Guna menjawab pertanyaan publik tersebut, Polda NTB akhirnya mengurai curhatan dari korban hingga kronologi pemerkosaan yang dilakukan Agus Buntung.
Andre Safutra selaku kuasa hukum korban berinisial MA membeberkan modus yang diduga digunakan pelaku hingga memerkosa MA. Dugaan pemerkosaan itu sendiri terjadi pada Senin, 7 Oktober 2024 lalu, ketika korban sedang membuat video di Taman Udayana, Mataram.
"Saat itu korban membuat video di area jogging Taman Udayana sekitar pukul 08.00 WITA. Dihampiri IWAS lalu berkenalan dengan korban," cerita Andre
Kemudian IWAS mengajak korban ke bagian utara taman tersebut. Di sana, mereka melihat ada pasangan muda-mudi berciuman. Hal itu membuat MA teringat pada mantan kekasihnya, lalu menangis. Kata Andre, situasi itu dimanfaatkan IWAS untuk mengorek masa lalu korban.
"Korban tiba-tiba syok dan menangis. Pelaku lalu menanyakan kamu menangis karena ada masa lalu dengan mantan kekasihmu. Di sana pelaku lalu memojokkan korban dengan mengulik masa lalu korban dengan tebakan-tebakan pelaku," lanjutnya.

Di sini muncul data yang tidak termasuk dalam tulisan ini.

text \<open>Signs in \<open>sin_add_mult_sin_add\<close> at multiples of \<open>\<theta>\<close>: if the two products on the right have
the same sign then \<open>\<epsilon>(z + u) \<epsilon>(z + v) = \<epsilon> u \<epsilon> v\<close>, otherwise both sides vanish.\<close>

lemma eps_addition_formula:
  assumes "1 \<le> u" "1 \<le> v" "1 \<le> z" "z + u + v < r"
  shows "\<epsilon> (z + u) * \<epsilon> (z + v) * (1 + \<epsilon> u * \<epsilon> v * \<epsilon> z * \<epsilon> (z + u + v))
           = \<epsilon> u * \<epsilon> v + \<epsilon> z * \<epsilon> (z + u + v)"
proof -
  let ?S = "\<lambda>n. sin (real n * \<theta>)"
  have sg: "sgn (?S u) = of_int (\<epsilon> u)" "sgn (?S v) = of_int (\<epsilon> v)" "sgn (?S z) = of_int (\<epsilon> z)"
    "sgn (?S (z + u)) = of_int (\<epsilon> (z + u))" "sgn (?S (z + v)) = of_int (\<epsilon> (z + v))"
    "sgn (?S (z + u + v)) = of_int (\<epsilon> (z + u + v))"
    using assms by (intro sgn_sin_mult_\<theta>; simp)+
  have "\<epsilon> (z + u) * \<epsilon> (z + v) = \<epsilon> u * \<epsilon> v" if same: "\<epsilon> u * \<epsilon> v = \<epsilon> z * \<epsilon> (z + u + v)"
  proof -
    have uv: "sgn (?S u * ?S v) = of_int (\<epsilon> u * \<epsilon> v)" by (simp only: sgn_mult sg of_int_mult)
    have "?S (z + u) * ?S (z + v) = ?S u * ?S v + ?S z * ?S (z + u + v)"
      using sin_add_mult_sin_add[of "real z * \<theta>" "real u * \<theta>" "real v * \<theta>"]
      by (simp add: algebra_simps)
    also have "sgn \<dots> = sgn (?S u * ?S v)"
      by (rule sgn_add_eq) (simp only: sgn_mult sg same flip: of_int_mult)
    finally show ?thesis by (simp only: sgn_mult sg uv flip: of_int_mult of_int_eq_iff)
  qed
  then show ?thesis
    using eps_cases[of r s u] eps_cases[of r s v] eps_cases[of r s z] eps_cases[of r s "z + u + v"]
      eps_cases[of r s "z + u"] eps_cases[of r s "z + v"]
    by auto
qed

Perbincangan tentang masa lalu dengan kekasih itu membuat korban merasa terpojok. Di situ diduga tersangka mulai memanipulasi korban. Tersangka diduga mengatakan bahwa korban harus mandi suci untuk membersihkan diri dari masa lalu.

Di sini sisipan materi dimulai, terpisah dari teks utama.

lemma card_le_pow_n4_if_decodes_low_zero:
  assumes GA: "GA \<in> carrier_mat q q" and GB: "GB \<in> carrier_mat q q"
    and le: "m \<le> n1" "n1 \<le> q" "n4 \<le> q"
    and X: "X \<subseteq> carrier_vec q" and low: "\<And>x i. x \<in> X \<Longrightarrow> i < n1 - m \<Longrightarrow> x $ i = 0"
    and dec: "decodes q (dest_output q n1 n2 n3 n4 m GA GB) X"
  shows "card X \<le> 2 ^ n4"
proof -
  have Xq: "x \<in> carrier_vec q" if "x \<in> X" for x
    using that X by blast
  have "card X \<le> 2 ^ card {q - n4..<q}"
  proof (rule card_le_if_decodes_into_supported_vecs[OF dec, where f = "shift_down_vec (n1 - m)"])
    show "shift_down_vec (n1 - m) x \<in> carrier_vec q" if "x \<in> X" for x
      using Xq[OF that] by (simp add: shift_down_vec_def)
    show "dest_output q n1 n2 n3 n4 m GA GB x (shift_down_vec (n1 - m) x) \<in> supported_vecs q {q - n4..<q}"
      if "x \<in> X" for x
      using dest_output_jammed_eq_zero_below[OF GA GB Xq[OF that] le(1,2) low[OF that]]
      by (auto simp: supported_vecs_def)
  qed auto
  then show ?thesis using le by simp
qed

"Kata IWAS ke korban 'Karena kamu sudah terikat dengan saya, kamu tidak bisa ke mana-mana'. Dengan hal itu korban takut. Kamu harus mandi wajib, harus disucikan," jelas Andre.
Tersangka pun mengajak korban ke sebuah homestay di Mataram untuk mandi suci di sana. Awalnya korban menolak, tetapi tersangka mengancam akan membeberkan masa lalu korban dengan sang kekasih kepada keluarganya.

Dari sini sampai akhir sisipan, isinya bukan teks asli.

(* Let $d<\infty$, let $V\subset\mathbb{B}_d$ be an analytic disc attached to the unit sphere and $f$ its embedding map. Suppose $f(\xi)=f(\zeta)$ for two distinct $\xi,\zeta\in\mathbb{T}$. If $\varphi\in\mathcal{M}_f$ extends continuously to $\overline{\mathbb{D}}$, then $\varphi(\xi)=\varphi(\zeta)$.
   Context: $\mathbb{D}$ is the open unit disc, $\mathbb{T}$ the unit circle, $\mathbb{B}_d$ the open unit ball of $\mathbb{C}^d$. The Drury–Arveson space $H^2_d$ is the RKHS on $\mathbb{B}_d$ with kernel $1/(1-\langle z,w\rangle)$, with multiplier algebra $\mathcal{M}_d$. A variety is a common zero set in $\mathbb{B}_d$ of a family of functions from $\mathcal{M}_d$. An analytic disc attached to the unit sphere is a variety $V\subset\mathbb{B}_d$ ($d<\infty$) for which there is an injective analytic $f:\mathbb{D}\to\mathbb{B}_d$ with $f'(z)\neq0$ on $\mathbb{D}$, $V=f(\mathbb{D})$, $f$ extends to a $C^2$ map on $\overline{\mathbb{D}}$, and for $x\in\overline{\mathbb{D}}$, $\|f(x)\|=1$ iff $|x|=1$ ($f$ is the embedding map). $\mathcal{H}_f$ is the RKHS on $\mathbb{D}$ with kernel $k^f(z,w)=1/(1-\langle f(z),f(w)\rangle)$ and $\mathcal{M}_f$ its multiplier algebra. *)

theory Defs
  imports "HOL-Analysis.Analysis"
begin

definition cinner :: "complex^'n \<Rightarrow> complex^'n \<Rightarrow> complex" where
  "cinner z w = (\<Sum>i\<in>UNIV. z $ i * cnj (w $ i))"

"Korban awalnya menolak. Setelah itu dia berupaya mengajak korban ikut dengan pelaku ke homestay. Pelaku terus mengancam di sana. Kalau tidak ikuti saya, saya akan laporkan ke orang tuamu," ungkapnya menirukan ucapan tersangka.
Sesampai di homestay, IWAS meminta MA membayar sewa kamar sebesar Rp 50 ribu. Kemudian dengan mulutnya, IWAS membuka kunci pintu kamar. MA enggan masuk tetapi dipaksa hingga menurut.
"Setelah itu korban dibacakan mantra dalam bahasa Bali oleh pelaku. Di sana pelaku sempat meminta korban membuka celana pelaku, tapi korban menolak. Setelah itu pelaku mendorong korban menggunakan badan pelaku," papar Andre.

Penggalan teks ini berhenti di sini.